• _WHAT YOU SHOULD DO_
From the data underneath, reproduce exactly the stretch that begins at the line with "c, d] \<and>" and ends after the line with "xi yj except".

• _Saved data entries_
○ ○ ○ ○ ○ ○ ○

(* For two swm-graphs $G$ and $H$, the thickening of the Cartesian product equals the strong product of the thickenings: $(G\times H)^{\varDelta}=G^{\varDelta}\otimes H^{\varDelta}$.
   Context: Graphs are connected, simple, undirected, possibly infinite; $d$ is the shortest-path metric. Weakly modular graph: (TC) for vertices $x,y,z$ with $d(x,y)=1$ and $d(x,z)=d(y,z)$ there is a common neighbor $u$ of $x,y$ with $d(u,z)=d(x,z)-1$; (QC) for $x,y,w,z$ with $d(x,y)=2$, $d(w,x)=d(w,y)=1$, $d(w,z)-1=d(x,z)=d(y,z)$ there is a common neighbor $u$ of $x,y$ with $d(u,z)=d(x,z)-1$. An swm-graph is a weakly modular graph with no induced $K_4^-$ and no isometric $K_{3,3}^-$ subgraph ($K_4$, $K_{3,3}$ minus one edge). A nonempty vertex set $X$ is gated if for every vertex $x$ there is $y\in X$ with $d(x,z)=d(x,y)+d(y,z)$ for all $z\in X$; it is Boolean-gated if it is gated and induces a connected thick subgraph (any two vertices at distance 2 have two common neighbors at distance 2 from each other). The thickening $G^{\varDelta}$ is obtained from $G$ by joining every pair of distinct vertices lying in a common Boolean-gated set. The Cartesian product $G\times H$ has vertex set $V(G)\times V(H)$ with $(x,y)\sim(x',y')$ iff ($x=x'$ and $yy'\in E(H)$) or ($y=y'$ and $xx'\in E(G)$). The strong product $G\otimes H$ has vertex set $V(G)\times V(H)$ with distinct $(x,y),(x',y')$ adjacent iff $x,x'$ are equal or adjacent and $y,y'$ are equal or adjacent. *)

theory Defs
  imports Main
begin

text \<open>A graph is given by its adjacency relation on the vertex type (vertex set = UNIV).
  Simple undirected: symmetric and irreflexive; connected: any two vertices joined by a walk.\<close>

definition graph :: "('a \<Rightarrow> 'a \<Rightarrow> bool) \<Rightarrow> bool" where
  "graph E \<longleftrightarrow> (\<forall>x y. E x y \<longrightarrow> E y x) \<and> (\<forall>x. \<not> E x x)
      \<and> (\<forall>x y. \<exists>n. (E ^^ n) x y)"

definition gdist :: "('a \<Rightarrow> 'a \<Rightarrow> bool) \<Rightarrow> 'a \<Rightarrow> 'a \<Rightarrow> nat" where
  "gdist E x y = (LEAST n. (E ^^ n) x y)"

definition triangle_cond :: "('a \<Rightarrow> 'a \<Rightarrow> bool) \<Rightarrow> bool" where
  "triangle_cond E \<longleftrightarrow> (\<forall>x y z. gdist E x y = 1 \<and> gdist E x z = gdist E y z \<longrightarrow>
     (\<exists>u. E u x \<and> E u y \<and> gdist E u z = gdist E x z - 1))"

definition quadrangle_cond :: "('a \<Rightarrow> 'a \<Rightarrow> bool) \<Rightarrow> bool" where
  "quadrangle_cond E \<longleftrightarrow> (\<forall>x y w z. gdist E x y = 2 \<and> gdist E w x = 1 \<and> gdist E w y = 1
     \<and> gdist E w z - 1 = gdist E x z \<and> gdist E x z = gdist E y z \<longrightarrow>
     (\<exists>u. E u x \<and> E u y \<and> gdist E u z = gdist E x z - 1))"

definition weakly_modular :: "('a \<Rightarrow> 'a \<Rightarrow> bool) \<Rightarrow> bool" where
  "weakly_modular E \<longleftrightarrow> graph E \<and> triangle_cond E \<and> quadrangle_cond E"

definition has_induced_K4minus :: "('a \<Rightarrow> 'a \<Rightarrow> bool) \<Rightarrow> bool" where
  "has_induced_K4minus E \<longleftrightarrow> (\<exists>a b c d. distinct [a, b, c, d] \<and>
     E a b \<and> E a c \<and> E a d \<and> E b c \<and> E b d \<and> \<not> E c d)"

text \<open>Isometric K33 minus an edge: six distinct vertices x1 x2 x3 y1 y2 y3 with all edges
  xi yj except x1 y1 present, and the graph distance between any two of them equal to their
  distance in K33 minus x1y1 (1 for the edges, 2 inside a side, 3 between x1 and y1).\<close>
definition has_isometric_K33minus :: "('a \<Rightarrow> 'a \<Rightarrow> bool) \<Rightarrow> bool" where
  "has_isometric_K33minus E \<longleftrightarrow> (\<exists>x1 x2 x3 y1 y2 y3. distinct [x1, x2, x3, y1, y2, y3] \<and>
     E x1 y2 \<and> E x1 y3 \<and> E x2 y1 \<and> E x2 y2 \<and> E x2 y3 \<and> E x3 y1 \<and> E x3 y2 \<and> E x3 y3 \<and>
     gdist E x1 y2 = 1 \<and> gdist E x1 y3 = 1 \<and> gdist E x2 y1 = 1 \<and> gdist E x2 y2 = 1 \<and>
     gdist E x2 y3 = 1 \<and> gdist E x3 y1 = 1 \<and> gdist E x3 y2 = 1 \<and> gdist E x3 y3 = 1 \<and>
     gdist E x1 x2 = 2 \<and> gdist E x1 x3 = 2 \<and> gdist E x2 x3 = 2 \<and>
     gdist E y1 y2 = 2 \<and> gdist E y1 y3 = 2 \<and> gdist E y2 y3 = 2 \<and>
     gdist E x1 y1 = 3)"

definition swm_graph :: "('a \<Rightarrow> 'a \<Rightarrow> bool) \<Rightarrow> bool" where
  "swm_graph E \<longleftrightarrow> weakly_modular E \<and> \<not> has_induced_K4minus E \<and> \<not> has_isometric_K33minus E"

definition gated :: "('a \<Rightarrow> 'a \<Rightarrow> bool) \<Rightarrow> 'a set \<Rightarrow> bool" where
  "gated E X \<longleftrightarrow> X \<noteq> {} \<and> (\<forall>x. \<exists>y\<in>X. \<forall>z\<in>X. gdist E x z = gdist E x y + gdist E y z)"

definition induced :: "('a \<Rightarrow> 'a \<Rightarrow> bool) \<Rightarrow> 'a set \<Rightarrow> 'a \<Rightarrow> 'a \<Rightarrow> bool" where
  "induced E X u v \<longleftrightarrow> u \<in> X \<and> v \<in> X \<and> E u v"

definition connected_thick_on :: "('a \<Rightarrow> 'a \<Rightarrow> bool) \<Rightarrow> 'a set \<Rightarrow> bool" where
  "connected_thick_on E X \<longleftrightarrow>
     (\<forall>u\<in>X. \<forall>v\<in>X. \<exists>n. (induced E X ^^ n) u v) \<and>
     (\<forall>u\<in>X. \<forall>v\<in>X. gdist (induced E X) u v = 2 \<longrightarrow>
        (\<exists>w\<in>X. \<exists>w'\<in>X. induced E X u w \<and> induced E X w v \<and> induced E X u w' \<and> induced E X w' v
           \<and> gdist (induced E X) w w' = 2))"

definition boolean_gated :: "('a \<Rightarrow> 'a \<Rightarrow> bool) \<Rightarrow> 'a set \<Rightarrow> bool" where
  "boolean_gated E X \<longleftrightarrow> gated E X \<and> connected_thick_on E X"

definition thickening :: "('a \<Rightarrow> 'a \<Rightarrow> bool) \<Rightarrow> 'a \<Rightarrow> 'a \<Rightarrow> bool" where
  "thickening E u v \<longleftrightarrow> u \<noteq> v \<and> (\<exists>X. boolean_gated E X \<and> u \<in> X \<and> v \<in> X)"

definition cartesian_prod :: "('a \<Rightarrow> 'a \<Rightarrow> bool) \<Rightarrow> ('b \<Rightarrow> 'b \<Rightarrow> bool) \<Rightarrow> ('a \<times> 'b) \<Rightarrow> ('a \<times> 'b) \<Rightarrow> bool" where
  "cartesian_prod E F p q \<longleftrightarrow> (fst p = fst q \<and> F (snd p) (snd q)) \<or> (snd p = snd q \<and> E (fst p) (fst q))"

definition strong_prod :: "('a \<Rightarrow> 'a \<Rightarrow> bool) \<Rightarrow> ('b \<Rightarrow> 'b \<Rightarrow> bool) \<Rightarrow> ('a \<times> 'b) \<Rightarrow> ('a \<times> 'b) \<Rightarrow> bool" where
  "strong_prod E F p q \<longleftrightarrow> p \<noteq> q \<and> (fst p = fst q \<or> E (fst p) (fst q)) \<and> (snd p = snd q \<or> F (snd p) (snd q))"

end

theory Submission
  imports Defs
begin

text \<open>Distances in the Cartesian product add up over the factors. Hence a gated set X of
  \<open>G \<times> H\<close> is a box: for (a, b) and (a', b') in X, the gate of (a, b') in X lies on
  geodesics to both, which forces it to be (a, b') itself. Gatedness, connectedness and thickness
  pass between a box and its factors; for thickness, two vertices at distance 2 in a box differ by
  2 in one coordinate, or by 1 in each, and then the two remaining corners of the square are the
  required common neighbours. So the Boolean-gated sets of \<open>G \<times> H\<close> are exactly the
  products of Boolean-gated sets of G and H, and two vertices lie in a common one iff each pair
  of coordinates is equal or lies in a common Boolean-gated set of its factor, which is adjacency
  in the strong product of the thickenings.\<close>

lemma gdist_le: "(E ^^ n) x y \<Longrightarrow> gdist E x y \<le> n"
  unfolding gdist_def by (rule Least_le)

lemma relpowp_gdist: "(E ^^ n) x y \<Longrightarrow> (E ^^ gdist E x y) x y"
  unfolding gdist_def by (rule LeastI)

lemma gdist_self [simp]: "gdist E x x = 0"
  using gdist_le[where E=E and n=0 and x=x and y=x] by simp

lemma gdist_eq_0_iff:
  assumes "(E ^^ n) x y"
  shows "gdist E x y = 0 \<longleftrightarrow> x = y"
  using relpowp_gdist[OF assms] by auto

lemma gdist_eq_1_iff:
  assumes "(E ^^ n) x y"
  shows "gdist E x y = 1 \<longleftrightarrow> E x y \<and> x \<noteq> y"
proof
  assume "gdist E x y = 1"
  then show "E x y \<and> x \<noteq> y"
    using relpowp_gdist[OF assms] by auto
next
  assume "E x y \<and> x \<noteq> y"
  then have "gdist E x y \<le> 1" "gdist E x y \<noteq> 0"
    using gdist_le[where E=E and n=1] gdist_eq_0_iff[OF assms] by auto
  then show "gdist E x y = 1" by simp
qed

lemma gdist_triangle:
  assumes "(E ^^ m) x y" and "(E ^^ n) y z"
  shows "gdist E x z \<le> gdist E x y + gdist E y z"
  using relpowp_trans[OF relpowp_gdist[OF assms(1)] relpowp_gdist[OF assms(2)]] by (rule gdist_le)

○ ○ ○ ○ ○ ○ ○

• _EXERCISE SOLUTION_
  "has_induced_K4minus E \<longleftrightarrow> (\<exists>a b c d. distinct [a, b, c, d] \<and>
     E a b \<and> E a c \<and> E a d \<and> E b c \<and> E b d \<and> \<not> E c d)"

text \<open>Isometric K33 minus an edge: six distinct vertices x1 x2 x3 y1 y2 y3 with all edges
  xi yj except x1 y1 present, and the graph distance between any two of them equal to their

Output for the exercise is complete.